> **WHAT IS BEING ASKED**: Among the lines below, tally those holding the string "inter" and give the total only.

Stored data entries
────────

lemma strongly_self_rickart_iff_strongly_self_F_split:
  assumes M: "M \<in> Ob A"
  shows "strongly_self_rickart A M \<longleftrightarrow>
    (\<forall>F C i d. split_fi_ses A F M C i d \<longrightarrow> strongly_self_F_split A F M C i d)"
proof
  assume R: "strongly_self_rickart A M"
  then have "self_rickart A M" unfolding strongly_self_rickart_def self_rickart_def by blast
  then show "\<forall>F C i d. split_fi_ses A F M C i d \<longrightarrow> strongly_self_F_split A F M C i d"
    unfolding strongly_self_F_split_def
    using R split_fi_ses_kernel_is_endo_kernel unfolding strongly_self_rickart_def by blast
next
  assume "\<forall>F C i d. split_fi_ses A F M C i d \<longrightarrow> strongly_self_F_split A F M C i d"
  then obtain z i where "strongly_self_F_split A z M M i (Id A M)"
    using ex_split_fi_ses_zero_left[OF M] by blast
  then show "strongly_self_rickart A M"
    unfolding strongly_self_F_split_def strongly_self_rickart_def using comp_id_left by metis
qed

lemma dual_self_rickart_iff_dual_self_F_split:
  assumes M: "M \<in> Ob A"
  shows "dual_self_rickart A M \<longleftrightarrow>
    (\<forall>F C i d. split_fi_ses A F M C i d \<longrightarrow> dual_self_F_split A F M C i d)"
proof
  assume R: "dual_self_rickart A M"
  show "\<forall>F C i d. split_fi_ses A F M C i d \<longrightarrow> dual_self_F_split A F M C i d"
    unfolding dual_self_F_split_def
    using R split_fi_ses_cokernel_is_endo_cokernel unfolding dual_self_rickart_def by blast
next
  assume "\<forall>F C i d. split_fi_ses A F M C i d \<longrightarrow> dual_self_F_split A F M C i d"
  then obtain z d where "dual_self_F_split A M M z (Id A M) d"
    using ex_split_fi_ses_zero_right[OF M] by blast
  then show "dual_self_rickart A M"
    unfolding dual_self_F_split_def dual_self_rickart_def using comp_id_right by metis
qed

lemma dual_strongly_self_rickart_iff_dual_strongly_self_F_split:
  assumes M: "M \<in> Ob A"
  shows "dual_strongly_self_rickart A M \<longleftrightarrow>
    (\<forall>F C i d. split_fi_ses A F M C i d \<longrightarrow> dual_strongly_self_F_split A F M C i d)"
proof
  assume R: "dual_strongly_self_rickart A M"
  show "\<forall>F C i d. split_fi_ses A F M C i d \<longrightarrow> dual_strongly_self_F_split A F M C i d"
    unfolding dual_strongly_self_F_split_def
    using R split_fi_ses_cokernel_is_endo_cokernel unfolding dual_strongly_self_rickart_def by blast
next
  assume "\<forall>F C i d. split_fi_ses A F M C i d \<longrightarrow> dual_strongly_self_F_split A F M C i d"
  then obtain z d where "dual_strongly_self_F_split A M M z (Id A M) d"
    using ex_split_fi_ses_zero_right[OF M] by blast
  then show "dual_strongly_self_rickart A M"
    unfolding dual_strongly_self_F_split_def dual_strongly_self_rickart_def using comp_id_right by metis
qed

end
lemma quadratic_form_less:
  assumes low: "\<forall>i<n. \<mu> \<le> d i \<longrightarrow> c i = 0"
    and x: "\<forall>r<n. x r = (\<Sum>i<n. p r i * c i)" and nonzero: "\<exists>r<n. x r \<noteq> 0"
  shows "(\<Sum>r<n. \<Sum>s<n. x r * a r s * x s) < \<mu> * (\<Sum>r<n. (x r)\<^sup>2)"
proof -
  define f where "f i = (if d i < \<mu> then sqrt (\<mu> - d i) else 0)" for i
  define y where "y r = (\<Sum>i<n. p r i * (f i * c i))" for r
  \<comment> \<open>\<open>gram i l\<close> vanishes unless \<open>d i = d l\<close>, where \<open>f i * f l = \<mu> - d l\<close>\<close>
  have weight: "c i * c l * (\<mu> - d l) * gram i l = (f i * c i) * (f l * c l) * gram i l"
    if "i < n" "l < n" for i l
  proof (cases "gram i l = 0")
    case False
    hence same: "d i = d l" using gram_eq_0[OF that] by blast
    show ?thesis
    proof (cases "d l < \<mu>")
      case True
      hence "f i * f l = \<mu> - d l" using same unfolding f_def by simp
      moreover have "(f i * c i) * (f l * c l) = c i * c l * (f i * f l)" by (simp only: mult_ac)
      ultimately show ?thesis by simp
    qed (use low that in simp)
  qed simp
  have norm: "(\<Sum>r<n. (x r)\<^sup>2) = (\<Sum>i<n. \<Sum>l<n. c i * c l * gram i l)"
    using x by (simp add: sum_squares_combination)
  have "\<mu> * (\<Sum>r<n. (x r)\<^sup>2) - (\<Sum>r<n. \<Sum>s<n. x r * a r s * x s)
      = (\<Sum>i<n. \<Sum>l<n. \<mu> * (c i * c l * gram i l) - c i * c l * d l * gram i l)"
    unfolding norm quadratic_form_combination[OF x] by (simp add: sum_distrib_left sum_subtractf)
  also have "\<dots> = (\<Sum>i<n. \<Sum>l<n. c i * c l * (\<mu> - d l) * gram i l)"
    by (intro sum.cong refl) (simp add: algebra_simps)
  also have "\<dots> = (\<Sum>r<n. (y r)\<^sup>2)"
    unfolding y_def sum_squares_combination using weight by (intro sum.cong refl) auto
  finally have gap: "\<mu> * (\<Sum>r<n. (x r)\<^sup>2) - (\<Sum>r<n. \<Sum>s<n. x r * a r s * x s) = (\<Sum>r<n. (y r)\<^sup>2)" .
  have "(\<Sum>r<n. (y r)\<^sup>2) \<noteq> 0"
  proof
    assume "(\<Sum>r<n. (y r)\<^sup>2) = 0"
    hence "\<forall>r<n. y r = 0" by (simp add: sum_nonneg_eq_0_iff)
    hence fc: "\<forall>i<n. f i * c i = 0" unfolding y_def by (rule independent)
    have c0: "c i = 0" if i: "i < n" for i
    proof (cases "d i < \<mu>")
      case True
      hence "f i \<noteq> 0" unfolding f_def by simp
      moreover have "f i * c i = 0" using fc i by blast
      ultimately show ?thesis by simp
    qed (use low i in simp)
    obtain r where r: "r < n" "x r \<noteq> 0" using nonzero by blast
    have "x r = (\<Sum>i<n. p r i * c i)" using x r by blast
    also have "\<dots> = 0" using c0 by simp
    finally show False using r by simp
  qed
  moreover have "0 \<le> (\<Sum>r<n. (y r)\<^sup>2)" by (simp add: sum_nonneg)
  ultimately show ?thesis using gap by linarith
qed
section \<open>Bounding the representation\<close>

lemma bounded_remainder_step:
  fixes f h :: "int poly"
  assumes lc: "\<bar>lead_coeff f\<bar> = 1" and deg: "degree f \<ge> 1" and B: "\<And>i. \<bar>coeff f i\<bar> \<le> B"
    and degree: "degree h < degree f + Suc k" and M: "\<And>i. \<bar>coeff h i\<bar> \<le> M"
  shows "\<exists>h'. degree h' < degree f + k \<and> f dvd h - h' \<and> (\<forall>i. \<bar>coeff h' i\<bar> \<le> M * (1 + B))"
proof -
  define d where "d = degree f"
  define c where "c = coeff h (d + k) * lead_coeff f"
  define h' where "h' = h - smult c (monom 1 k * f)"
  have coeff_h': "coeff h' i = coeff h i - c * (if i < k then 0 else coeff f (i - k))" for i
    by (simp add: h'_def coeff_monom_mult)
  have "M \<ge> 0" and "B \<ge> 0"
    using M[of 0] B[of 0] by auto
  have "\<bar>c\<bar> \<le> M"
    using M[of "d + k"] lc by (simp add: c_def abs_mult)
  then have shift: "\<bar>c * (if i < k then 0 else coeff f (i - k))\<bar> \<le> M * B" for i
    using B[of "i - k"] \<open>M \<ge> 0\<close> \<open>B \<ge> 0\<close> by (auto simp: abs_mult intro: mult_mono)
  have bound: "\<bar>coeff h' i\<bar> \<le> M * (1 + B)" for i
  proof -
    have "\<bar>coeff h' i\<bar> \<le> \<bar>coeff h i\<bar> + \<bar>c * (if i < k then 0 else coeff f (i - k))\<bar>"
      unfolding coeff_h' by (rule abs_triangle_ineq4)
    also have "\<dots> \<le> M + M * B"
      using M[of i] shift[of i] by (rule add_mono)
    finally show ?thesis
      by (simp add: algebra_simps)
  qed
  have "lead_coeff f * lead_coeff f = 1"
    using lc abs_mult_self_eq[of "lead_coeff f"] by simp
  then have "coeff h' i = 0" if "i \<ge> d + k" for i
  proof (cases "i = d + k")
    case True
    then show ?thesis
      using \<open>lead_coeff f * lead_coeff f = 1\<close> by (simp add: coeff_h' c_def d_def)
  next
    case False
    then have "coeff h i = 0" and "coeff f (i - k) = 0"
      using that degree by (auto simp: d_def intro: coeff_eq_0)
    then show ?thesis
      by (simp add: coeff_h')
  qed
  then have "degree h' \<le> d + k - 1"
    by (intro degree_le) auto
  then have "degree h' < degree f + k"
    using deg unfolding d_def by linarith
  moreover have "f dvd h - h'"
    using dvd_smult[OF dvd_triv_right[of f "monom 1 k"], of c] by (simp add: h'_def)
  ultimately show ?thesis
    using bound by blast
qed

────────

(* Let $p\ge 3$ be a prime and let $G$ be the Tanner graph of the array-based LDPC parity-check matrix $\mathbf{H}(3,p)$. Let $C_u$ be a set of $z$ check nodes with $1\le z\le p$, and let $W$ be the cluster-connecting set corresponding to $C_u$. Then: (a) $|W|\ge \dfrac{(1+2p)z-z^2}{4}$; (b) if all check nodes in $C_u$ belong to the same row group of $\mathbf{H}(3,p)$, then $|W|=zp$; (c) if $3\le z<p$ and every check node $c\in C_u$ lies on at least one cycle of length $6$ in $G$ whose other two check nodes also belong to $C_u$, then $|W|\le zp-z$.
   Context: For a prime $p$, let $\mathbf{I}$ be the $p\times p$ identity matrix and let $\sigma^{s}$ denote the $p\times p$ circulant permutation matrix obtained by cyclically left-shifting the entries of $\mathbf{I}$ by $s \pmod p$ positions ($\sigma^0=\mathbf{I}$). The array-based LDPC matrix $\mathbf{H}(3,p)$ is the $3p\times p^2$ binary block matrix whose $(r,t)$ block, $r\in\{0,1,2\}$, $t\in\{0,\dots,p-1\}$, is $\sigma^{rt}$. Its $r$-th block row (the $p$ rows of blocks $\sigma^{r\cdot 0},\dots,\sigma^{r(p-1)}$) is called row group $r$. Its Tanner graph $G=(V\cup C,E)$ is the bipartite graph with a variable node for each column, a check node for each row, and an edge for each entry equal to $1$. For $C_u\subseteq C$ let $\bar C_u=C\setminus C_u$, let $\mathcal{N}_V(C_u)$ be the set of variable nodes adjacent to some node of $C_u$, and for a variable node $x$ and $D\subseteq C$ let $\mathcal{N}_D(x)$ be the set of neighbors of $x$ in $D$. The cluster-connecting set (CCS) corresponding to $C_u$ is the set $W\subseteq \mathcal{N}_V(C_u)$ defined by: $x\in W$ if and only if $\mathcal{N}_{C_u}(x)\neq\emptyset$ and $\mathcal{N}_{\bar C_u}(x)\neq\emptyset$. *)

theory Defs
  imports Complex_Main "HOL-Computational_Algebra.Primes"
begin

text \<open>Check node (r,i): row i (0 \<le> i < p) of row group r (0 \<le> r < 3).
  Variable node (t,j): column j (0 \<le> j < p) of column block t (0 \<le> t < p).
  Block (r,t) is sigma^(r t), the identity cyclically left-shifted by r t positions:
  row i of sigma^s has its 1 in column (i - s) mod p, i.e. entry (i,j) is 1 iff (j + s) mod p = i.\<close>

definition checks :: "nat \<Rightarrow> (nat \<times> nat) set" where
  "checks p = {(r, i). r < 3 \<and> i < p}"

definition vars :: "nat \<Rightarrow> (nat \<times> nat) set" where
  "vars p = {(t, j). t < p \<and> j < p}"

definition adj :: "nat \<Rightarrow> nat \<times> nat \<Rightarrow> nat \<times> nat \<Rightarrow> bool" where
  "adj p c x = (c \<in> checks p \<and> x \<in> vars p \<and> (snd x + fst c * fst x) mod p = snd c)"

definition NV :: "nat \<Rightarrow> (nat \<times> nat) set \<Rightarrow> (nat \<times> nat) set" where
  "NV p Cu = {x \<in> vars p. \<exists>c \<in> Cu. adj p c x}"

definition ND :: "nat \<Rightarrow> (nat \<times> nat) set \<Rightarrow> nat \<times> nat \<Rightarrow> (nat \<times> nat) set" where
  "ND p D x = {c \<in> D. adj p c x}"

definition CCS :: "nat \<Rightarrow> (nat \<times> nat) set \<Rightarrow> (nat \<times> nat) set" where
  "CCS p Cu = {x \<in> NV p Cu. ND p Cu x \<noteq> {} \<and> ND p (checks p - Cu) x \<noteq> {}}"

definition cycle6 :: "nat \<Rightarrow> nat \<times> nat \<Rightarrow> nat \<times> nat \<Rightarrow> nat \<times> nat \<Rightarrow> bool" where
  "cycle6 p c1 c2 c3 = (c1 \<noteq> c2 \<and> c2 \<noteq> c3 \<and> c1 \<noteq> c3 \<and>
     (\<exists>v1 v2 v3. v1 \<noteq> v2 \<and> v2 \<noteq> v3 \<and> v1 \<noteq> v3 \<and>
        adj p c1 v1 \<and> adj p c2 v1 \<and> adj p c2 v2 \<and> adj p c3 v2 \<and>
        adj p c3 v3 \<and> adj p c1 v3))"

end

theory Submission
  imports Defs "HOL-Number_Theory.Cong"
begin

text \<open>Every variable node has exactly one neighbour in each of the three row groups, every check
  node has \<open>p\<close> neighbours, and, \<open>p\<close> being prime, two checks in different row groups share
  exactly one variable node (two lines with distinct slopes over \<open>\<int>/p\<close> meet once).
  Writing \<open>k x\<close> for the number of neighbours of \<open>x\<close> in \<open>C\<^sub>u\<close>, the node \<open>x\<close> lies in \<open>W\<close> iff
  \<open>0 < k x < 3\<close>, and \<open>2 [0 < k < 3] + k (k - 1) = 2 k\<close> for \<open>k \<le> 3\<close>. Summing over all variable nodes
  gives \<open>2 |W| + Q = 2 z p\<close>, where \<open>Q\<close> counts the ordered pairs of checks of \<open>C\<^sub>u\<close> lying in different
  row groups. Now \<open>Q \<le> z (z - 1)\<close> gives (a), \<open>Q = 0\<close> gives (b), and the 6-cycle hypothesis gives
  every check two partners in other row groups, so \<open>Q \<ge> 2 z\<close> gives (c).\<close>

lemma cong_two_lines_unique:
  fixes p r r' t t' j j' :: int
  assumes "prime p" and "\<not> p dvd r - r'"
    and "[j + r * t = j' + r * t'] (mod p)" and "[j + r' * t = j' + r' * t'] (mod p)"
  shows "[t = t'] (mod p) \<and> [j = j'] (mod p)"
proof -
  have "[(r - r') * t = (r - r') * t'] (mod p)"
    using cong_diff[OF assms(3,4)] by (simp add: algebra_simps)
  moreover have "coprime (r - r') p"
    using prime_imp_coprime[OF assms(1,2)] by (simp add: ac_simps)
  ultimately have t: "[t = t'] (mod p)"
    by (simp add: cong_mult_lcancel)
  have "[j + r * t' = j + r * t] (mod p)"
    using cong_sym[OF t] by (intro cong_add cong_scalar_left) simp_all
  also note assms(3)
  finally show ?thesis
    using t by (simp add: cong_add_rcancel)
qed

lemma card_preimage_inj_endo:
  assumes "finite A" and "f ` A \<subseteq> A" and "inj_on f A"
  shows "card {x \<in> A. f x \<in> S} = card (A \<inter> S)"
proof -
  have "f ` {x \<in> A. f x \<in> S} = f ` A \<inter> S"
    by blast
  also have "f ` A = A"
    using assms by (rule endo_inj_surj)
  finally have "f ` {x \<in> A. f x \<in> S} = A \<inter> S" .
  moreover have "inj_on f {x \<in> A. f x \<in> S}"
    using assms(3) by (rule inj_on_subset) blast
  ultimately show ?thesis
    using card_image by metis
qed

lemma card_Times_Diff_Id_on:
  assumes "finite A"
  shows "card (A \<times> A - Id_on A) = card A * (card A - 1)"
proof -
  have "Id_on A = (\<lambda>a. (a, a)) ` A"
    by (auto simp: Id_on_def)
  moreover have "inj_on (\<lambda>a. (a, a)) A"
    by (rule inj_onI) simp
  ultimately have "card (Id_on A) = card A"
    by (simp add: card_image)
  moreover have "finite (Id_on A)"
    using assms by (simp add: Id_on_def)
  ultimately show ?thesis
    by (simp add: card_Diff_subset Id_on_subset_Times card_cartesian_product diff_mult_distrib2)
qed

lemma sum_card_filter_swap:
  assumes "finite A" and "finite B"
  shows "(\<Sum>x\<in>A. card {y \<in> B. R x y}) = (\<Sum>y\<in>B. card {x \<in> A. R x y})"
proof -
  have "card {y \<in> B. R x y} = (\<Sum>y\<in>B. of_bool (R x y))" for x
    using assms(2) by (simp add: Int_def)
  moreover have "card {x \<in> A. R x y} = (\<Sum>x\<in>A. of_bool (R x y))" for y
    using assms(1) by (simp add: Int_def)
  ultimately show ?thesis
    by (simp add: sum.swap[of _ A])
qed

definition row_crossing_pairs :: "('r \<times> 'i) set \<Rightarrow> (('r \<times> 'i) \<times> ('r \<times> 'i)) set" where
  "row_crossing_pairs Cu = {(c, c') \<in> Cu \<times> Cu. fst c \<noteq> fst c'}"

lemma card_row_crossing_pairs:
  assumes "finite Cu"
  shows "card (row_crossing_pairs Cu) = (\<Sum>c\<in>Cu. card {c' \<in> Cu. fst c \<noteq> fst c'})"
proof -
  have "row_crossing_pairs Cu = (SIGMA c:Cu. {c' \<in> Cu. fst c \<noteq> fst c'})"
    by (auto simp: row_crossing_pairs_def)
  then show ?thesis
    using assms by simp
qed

────────

> **REPLY**: 3